Division of Gastroenterology and Hepatology, University Hospital Zurich, Zurich, Switzerland.
Digestion. 2017;96(3):149-157. doi: 10.1159/000479625. Epub 2017 Aug 31.
Duodenal polyps and especially duodenal adenomas are a rare and mostly coincidental finding in patients undergoing upper gastrointestinal endoscopy. Due to their malignant potential, duodenal adenomas should be removed upon diagnosis. So far, the limited available data on the performance of endoscopic polypectomy show conflicting results with regard to adverse events and the adenoma recurrence rate.
After summarizing the currently available data, we retrospectively analyzed all patients undergoing endoscopic resection of nonampullary duodenal adenomas (NAD) at our institution between 2006 and 2016.
A total of 78 patients underwent endoscopic polypectomy for NAD adenoma. End-of-treatment success with complete resection requiring a mean of 1.2 interventions was achieved in 91% (n = 71). Procedural hemorrhage occurred in 12.8% (n = 10), whereas delayed bleeding was noted in 9% (n = 7). Duodenal perforation was registered and successfully treated in 2 cases (2.6%). No adenoma recurrence was noted following primary complete adenoma resection after a mean follow-up time of 33 months. Acute post-polypectomy bleeding was statistically significantly associated with large polyp size (p = 0.003) and lack of endoscopic prophylaxis (p = 0.0008). Delayed post-polypectomy bleeding showed a trend in the occurrence of large polyps (p = 0.064), and was statistically significantly associated with familial cancer syndrome (p = 0.019) and advanced histopathology (p = 0.013).

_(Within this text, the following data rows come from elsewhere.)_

(* Let $G$ be a countable graph with maximal degree $\le\mathrm{D}$ and $H=\mathcal{A}+V$ on $\ell^2(G)$, with $\mathcal{A}$ the adjacency matrix and $V$ a bounded real potential. Fix $o\in G$, let $|x|=d(x,o)$ and let $x^m$ denote multiplication by $|x|^m$. Let $m\in\mathbb{N}$ and $\psi\in\ell^2(G)$ with $\|x^m\psi\|<\infty$, and set $x^m(t)\psi=e^{\mathrm{i}tH}x^me^{-\mathrm{i}tH}\psi$ for $t\ge0$. Then for $t\ge0$, $\lim_{s\to t}x^m(s)\psi=x^m(t)\psi$ in $\ell^2(G)$, and $t\mapsto x^m(t)\psi$ is differentiable with $$\frac{\mathrm{d}}{\mathrm{d}t}x^m(t)\psi=\mathrm{i}e^{\mathrm{i}tH}[\mathcal{A},x^m]e^{-\mathrm{i}tH}\psi.$$ *)

theory Defs
  imports "HOL-Analysis.Analysis"
begin

definition is_l2 :: "('v \<Rightarrow> complex) \<Rightarrow> bool" where
  "is_l2 f \<longleftrightarrow> (\<lambda>x. (cmod (f x))^2) summable_on UNIV"

definition l2norm :: "('v \<Rightarrow> complex) \<Rightarrow> real" where
  "l2norm f = sqrt (infsum (\<lambda>x. (cmod (f x))^2) UNIV)"

definition adj_op :: "('v \<Rightarrow> 'v \<Rightarrow> bool) \<Rightarrow> ('v \<Rightarrow> complex) \<Rightarrow> ('v \<Rightarrow> complex)" where
  "adj_op E \<psi> = (\<lambda>x. \<Sum>y\<in>{y. E x y}. \<psi> y)"

definition ham :: "('v \<Rightarrow> 'v \<Rightarrow> bool) \<Rightarrow> ('v \<Rightarrow> real) \<Rightarrow> ('v \<Rightarrow> complex) \<Rightarrow> ('v \<Rightarrow> complex)" where
  "ham E V \<psi> = (\<lambda>x. adj_op E \<psi> x + complex_of_real (V x) * \<psi> x)"

definition gdist :: "('v \<Rightarrow> 'v \<Rightarrow> bool) \<Rightarrow> 'v \<Rightarrow> 'v \<Rightarrow> nat" where
  "gdist E x y = (LEAST n. (E ^^ n) x y)"

definition xpow :: "('v \<Rightarrow> 'v \<Rightarrow> bool) \<Rightarrow> 'v \<Rightarrow> nat \<Rightarrow> ('v \<Rightarrow> complex) \<Rightarrow> ('v \<Rightarrow> complex)" where
  "xpow E p m \<psi> = (\<lambda>x. (of_nat (gdist E x p))^m * \<psi> x)"

definition evol :: "('v \<Rightarrow> 'v \<Rightarrow> bool) \<Rightarrow> ('v \<Rightarrow> real) \<Rightarrow> real \<Rightarrow> ('v \<Rightarrow> complex) \<Rightarrow> ('v \<Rightarrow> complex)" where
  "evol E V t \<psi> = (\<lambda>x. \<Sum>n. ((\<i> * complex_of_real t)^n / of_nat (fact n)) * ((ham E V ^^ n) \<psi>) x)"

definition xt :: "('v \<Rightarrow> 'v \<Rightarrow> bool) \<Rightarrow> ('v \<Rightarrow> real) \<Rightarrow> 'v \<Rightarrow> nat \<Rightarrow> real \<Rightarrow> ('v \<Rightarrow> complex) \<Rightarrow> ('v \<Rightarrow> complex)" where
  "xt E V p m t \<psi> = evol E V t (xpow E p m (evol E V (-t) \<psi>))"

definition comm_Ax :: "('v \<Rightarrow> 'v \<Rightarrow> bool) \<Rightarrow> 'v \<Rightarrow> nat \<Rightarrow> ('v \<Rightarrow> complex) \<Rightarrow> ('v \<Rightarrow> complex)" where
  "comm_Ax E p m \<psi> = (\<lambda>x. adj_op E (xpow E p m \<psi>) x - xpow E p m (adj_op E \<psi>) x)"

end

theory Submission
  imports Defs
begin

text \<open>Since \<open>H\<close> is bounded, \<open>e\<^sup>i\<^sup>t\<^sup>H\<close> is the exponential of a bounded operator on \<open>\<ell>\<^sup>2\<close> and hence
  norm-differentiable in \<open>t\<close>; the only obstacle is the unbounded factor \<open>|x|\<^sup>m\<close>. The weight
  \<open>w = (1 + |x|)\<^sup>m\<close> changes by at most a factor \<open>2\<^sup>m\<close> across an edge, so \<open>w H w\<^sup>-\<^sup>1\<close> is bounded too
  and \<open>e\<^sup>-\<^sup>i\<^sup>t\<^sup>H = w\<^sup>-\<^sup>1 e\<^sup>-\<^sup>i\<^sup>t\<^sup>w\<^sup>H\<^sup>w\<^sup>\<inverse> w\<close>. As \<open>w \<psi> \<in> \<ell>\<^sup>2\<close> and \<open>|x|\<^sup>m / w\<close> is bounded,
  \<open>x\<^sup>m(t)\<psi> = e\<^sup>i\<^sup>t\<^sup>H (|x|\<^sup>m / w) e\<^sup>-\<^sup>i\<^sup>t\<^sup>w\<^sup>H\<^sup>w\<^sup>\<inverse> (w \<psi>)\<close> is a product of differentiable operator
  exponentials and a bounded operator. The product rule yields
  \<open>e\<^sup>i\<^sup>t\<^sup>H (i H |x|\<^sup>m - |x|\<^sup>m i H) e\<^sup>-\<^sup>i\<^sup>t\<^sup>H \<psi>\<close>, and the potential commutes with \<open>|x|\<^sup>m\<close>.\<close>

lemma l2norm_nonneg: "0 \<le> l2norm f"
  unfolding l2norm_def by (simp add: infsum_nonneg)

lemma sum_square_le_l2norm_square:
  assumes "is_l2 f" "finite S"
  shows "(\<Sum>x\<in>S. (cmod (f x))^2) \<le> (l2norm f)^2"
proof -
  have "(\<Sum>x\<in>S. (cmod (f x))^2) \<le> infsum (\<lambda>x. (cmod (f x))^2) UNIV"
    by (rule finite_sum_le_infsum) (use assms in \<open>auto simp: is_l2_def\<close>)
  then show ?thesis by (simp add: l2norm_def infsum_nonneg)
qed

lemma L2_set_le_l2norm: "is_l2 f \<Longrightarrow> finite S \<Longrightarrow> L2_set (\<lambda>x. cmod (f x)) S \<le> l2norm f"
  using sum_square_le_l2norm_square[of f S] l2norm_nonneg[of f]
  by (simp add: L2_set_def real_le_lsqrt sum_nonneg)

lemma norm_le_l2norm: "is_l2 f \<Longrightarrow> cmod (f x) \<le> l2norm f"
  using L2_set_le_l2norm[of f "{x}"] by simp

lemma l2_if_L2_set_bounded:
  assumes B: "0 \<le> B" and bound: "\<And>S. finite S \<Longrightarrow> L2_set (\<lambda>x. cmod (f x)) S \<le> B"
  shows "is_l2 f \<and> l2norm f \<le> B"
proof -
  have sum_le: "(\<Sum>x\<in>S. (cmod (f x))^2) \<le> B^2" if "finite S" for S
    using bound[OF that] B unfolding L2_set_def
    by (metis power_mono real_sqrt_ge_zero real_sqrt_pow2 sum_nonneg zero_le_power2)
  have l2: "is_l2 f" unfolding is_l2_def
    by (rule nonneg_bdd_above_summable_on) (auto intro!: bdd_aboveI[where M="B^2"] sum_le)
  have "infsum (\<lambda>x. (cmod (f x))^2) UNIV \<le> B^2"
    by (rule infsum_le_finite_sums) (use l2 sum_le in \<open>auto simp: is_l2_def\<close>)
  then have "l2norm f \<le> sqrt (B^2)" unfolding l2norm_def by (rule real_sqrt_le_mono)
  with B l2 show ?thesis by simp
qed

lemma l2_dominated:
  assumes f: "is_l2 f" and K: "0 \<le> K" and le: "\<And>x. cmod (g x) \<le> K * cmod (f x)"
  shows "is_l2 g \<and> l2norm g \<le> K * l2norm f"
proof (rule l2_if_L2_set_bounded)
  fix S :: "'a set" assume S: "finite S"
  have "L2_set (\<lambda>x. cmod (g x)) S \<le> L2_set (\<lambda>x. K * cmod (f x)) S"
    by (rule L2_set_mono) (use le in auto)
  also have "\<dots> = K * L2_set (\<lambda>x. cmod (f x)) S"
    using L2_set_right_distrib[OF K, of "\<lambda>x. cmod (f x)" S] by simp
  also have "\<dots> \<le> K * l2norm f"
    using L2_set_le_l2norm[OF f S] K by (simp add: mult_left_mono)
  finally show "L2_set (\<lambda>x. cmod (g x)) S \<le> K * l2norm f" .
qed (use K l2norm_nonneg[of f] in simp)

lemma l2_add:
  assumes f: "is_l2 f" and g: "is_l2 g"
  shows "is_l2 (\<lambda>x. f x + g x) \<and> l2norm (\<lambda>x. f x + g x) \<le> l2norm f + l2norm g"
proof (rule l2_if_L2_set_bounded)
  fix S :: "'a set" assume S: "finite S"
  have "L2_set (\<lambda>x. cmod (f x + g x)) S \<le> L2_set (\<lambda>x. cmod (f x) + cmod (g x)) S"
    by (rule L2_set_mono) (auto intro: norm_triangle_ineq)
  also have "\<dots> \<le> L2_set (\<lambda>x. cmod (f x)) S + L2_set (\<lambda>x. cmod (g x)) S"
    by (rule L2_set_triangle_ineq)
  also have "\<dots> \<le> l2norm f + l2norm g"
    using L2_set_le_l2norm[OF f S] L2_set_le_l2norm[OF g S] by simp
  finally show "L2_set (\<lambda>x. cmod (f x + g x)) S \<le> l2norm f + l2norm g" .
qed (simp add: add_nonneg_nonneg l2norm_nonneg)

lemma l2_zero: "is_l2 (\<lambda>_. 0)" "l2norm (\<lambda>_. 0) = 0"
  by (auto simp: is_l2_def l2norm_def)

lemma l2_scale:
  assumes f: "is_l2 f"
  shows "is_l2 (\<lambda>x. c * f x) \<and> l2norm (\<lambda>x. c * f x) = cmod c * l2norm f"
proof (cases "c = 0")
  case True
  then show ?thesis using l2_zero by simp
next
  case False
  have le: "is_l2 (\<lambda>x. c * f x) \<and> l2norm (\<lambda>x. c * f x) \<le> cmod c * l2norm f"
    by (rule l2_dominated[OF f]) (auto simp: norm_mult)
  have "l2norm (\<lambda>x. inverse c * (c * f x)) \<le> cmod (inverse c) * l2norm (\<lambda>x. c * f x)"
    using l2_dominated[OF le[THEN conjunct1], of "cmod (inverse c)"] by (simp add: norm_mult)
  moreover have "(\<lambda>x. inverse c * (c * f x)) = f" using False by auto
  ultimately have "l2norm f \<le> inverse (cmod c) * l2norm (\<lambda>x. c * f x)"
    by (simp add: norm_inverse)
  with False have "cmod c * l2norm f \<le> l2norm (\<lambda>x. c * f x)"
    by (simp add: field_simps)
  with le show ?thesis by simp
qed

lemma l2_minus: "is_l2 f \<Longrightarrow> is_l2 (\<lambda>x. - f x)"
  using l2_scale[of f "-1"] by simp

lemma l2_diff: "is_l2 f \<Longrightarrow> is_l2 g \<Longrightarrow> is_l2 (\<lambda>x. f x - g x)"
  using l2_add[of f "\<lambda>x. - g x"] l2_minus[of g] by simp

lemma l2norm_eq_0: "is_l2 f \<Longrightarrow> l2norm f = 0 \<Longrightarrow> f = (\<lambda>_. 0)"
  using norm_le_l2norm[of f] by fastforce

lemma l2_indicator: "is_l2 (indicator {a} :: 'a \<Rightarrow> complex)" "l2norm (indicator {a} :: 'a \<Rightarrow> complex) = 1"
proof -
  have "is_l2 (indicator {a} :: 'a \<Rightarrow> complex) \<and> l2norm (indicator {a} :: 'a \<Rightarrow> complex) \<le> 1"
  proof (rule l2_if_L2_set_bounded)
    fix S :: "'a set" assume "finite S"
    have "(\<lambda>x. (cmod (indicator {a} x :: complex))^2) = (\<lambda>x. if x = a then 1 else 0)"
      by (auto simp: indicator_def)
    with \<open>finite S\<close> show "L2_set (\<lambda>x. cmod (indicator {a} x :: complex)) S \<le> 1"
      unfolding L2_set_def by (simp only: sum.delta) simp
  qed simp
  moreover have "1 \<le> l2norm (indicator {a} :: 'a \<Rightarrow> complex)"
    using norm_le_l2norm[of "indicator {a} :: 'a \<Rightarrow> complex" a] calculation by simp
  ultimately show "is_l2 (indicator {a} :: 'a \<Rightarrow> complex)" "l2norm (indicator {a} :: 'a \<Rightarrow> complex) = 1"
    by auto
qed

section \<open>The Banach space \<open>\<ell>\<^sup>2\<close>\<close>

typedef 'v ell2 = "{f :: 'v \<Rightarrow> complex. is_l2 f}" morphisms ell2_fun Ell2
  using l2_zero by blast

setup_lifting type_definition_ell2

instantiation ell2 :: (type) real_normed_vector
begin
lift_definition zero_ell2 :: "'a ell2" is "\<lambda>_. 0" by (simp add: l2_zero)
lift_definition plus_ell2 :: "'a ell2 \<Rightarrow> 'a ell2 \<Rightarrow> 'a ell2" is "\<lambda>f g x. f x + g x"
  by (simp add: l2_add)
lift_definition uminus_ell2 :: "'a ell2 \<Rightarrow> 'a ell2" is "\<lambda>f x. - f x" by (simp add: l2_minus)
lift_definition minus_ell2 :: "'a ell2 \<Rightarrow> 'a ell2 \<Rightarrow> 'a ell2" is "\<lambda>f g x. f x - g x"
  by (simp add: l2_diff)
lift_definition scaleR_ell2 :: "real \<Rightarrow> 'a ell2 \<Rightarrow> 'a ell2" is "\<lambda>r f x. complex_of_real r * f x"
  by (simp add: l2_scale)
lift_definition norm_ell2 :: "'a ell2 \<Rightarrow> real" is l2norm .
definition dist_ell2 :: "'a ell2 \<Rightarrow> 'a ell2 \<Rightarrow> real" where "dist_ell2 a b = norm (a - b)"
definition sgn_ell2 :: "'a ell2 \<Rightarrow> 'a ell2" where "sgn_ell2 a = inverse (norm a) *\<^sub>R a"
definition uniformity_ell2 :: "('a ell2 \<times> 'a ell2) filter" where
  "uniformity_ell2 = (INF e\<in>{0 <..}. principal {(x, y). dist x y < e})"
definition open_ell2 :: "'a ell2 set \<Rightarrow> bool" where
  "open_ell2 S = (\<forall>x\<in>S. \<forall>\<^sub>F (x', y) in uniformity. x' = x \<longrightarrow> y \<in> S)"
instance
proof
  fix a b c :: "'a ell2" and r s :: real
  show "a + b + c = a + (b + c)" by transfer (auto simp: algebra_simps)
  show "a + b = b + a" by transfer (auto simp: algebra_simps)
  show "0 + a = a" by transfer auto
  show "- a + a = 0" by transfer auto
  show "a - b = a + - b" by transfer auto
  show "r *\<^sub>R (a + b) = r *\<^sub>R a + r *\<^sub>R b" by transfer (auto simp: algebra_simps)
  show "(r + s) *\<^sub>R a = r *\<^sub>R a + s *\<^sub>R a" by transfer (auto simp: algebra_simps)
  show "r *\<^sub>R s *\<^sub>R a = (r * s) *\<^sub>R a" by transfer (auto simp: algebra_simps)
  show "1 *\<^sub>R a = a" by transfer auto
  show "dist a b = norm (a - b)" by (simp add: dist_ell2_def)
  show "sgn a = inverse (norm a) *\<^sub>R a" by (simp add: sgn_ell2_def)
  show "(norm a = 0) = (a = 0)" by transfer (auto simp: l2norm_eq_0 l2_zero)
  show "norm (a + b) \<le> norm a + norm b" by transfer (simp add: l2_add)
  show "norm (r *\<^sub>R a) = \<bar>r\<bar> * norm a" by transfer (simp add: l2_scale)
qed (simp_all add: uniformity_ell2_def open_ell2_def)
end

lemmas ell2_fun_simps =
  zero_ell2.rep_eq plus_ell2.rep_eq uminus_ell2.rep_eq minus_ell2.rep_eq scaleR_ell2.rep_eq

lemma is_l2_ell2_fun [simp]: "is_l2 (ell2_fun a)"
  using ell2_fun by auto

lemma ell2_fun_Ell2: "is_l2 f \<Longrightarrow> ell2_fun (Ell2 f) = f"
  by (simp add: Ell2_inverse)

lemma norm_ell2_eq: "norm a = l2norm (ell2_fun a)"
  by (simp add: norm_ell2.rep_eq)

lemma norm_ell2_fun_le: "cmod (ell2_fun a x) \<le> norm a"
  by (simp add: norm_ell2_eq norm_le_l2norm)

lemma bounded_linear_ell2_fun: "bounded_linear (\<lambda>a. ell2_fun a x)"
proof (rule bounded_linear_intro[where K=1])
  fix a b :: "'a ell2" and r :: real
  show "ell2_fun (a + b) x = ell2_fun a x + ell2_fun b x" by (simp add: ell2_fun_simps)
  show "ell2_fun (r *\<^sub>R a) x = r *\<^sub>R ell2_fun a x" by (simp add: ell2_fun_simps scaleR_conv_of_real)
  show "norm (ell2_fun a x) \<le> norm a * 1" using norm_ell2_fun_le by simp
qed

Our data suggest that endoscopic polypectomy of NAD is well feasible with high success rates. Procedural and delayed hemorrhage seems to be the primary issue rather than adenoma recurrence. We therefore advocate referral of patients with large NAD to experienced centers for endoscopic resection.
十二指肠息肉,尤其是十二指肠腺瘤,在上消化道内镜检查中是一种罕见的、多为偶然发现的疾病。由于其潜在的恶性程度,十二指肠腺瘤一经诊断应予以切除。目前,关于内镜下息肉切除术的有限数据显示,在不良事件和腺瘤复发率方面存在相互矛盾的结果。
在总结现有数据后,我们回顾性分析了 2006 年至 2016 年期间在我院接受内镜下非壶腹十二指肠腺瘤(NAD)切除术的所有患者。
共有 78 例患者因 NAD 腺瘤行内镜下息肉切除术。治疗结束时,91%(n=71)的患者完全切除成功,需要平均 1.2 次干预。12.8%(n=10)的患者发生治疗后出血,9%(n=7)的患者发生迟发性出血。2 例(2.6%)患者出现十二指肠穿孔,成功治疗。在平均 33 个月的随访后,原发性完全腺瘤切除后无腺瘤复发。急性内镜下息肉切除后出血与大息肉大小(p=0.003)和缺乏内镜预防(p=0.0008)显著相关。迟发性内镜下息肉切除后出血与大息肉的发生呈趋势相关(p=0.064),与家族性癌症综合征(p=0.019)和高级别组织病理学(p=0.013)显著相关。
我们的数据表明,NAD 的内镜下息肉切除术具有较高的成功率。手术和迟发性出血似乎是主要问题,而不是腺瘤复发。因此,我们主张将大 NAD 患者转介至有经验的中心进行内镜下切除。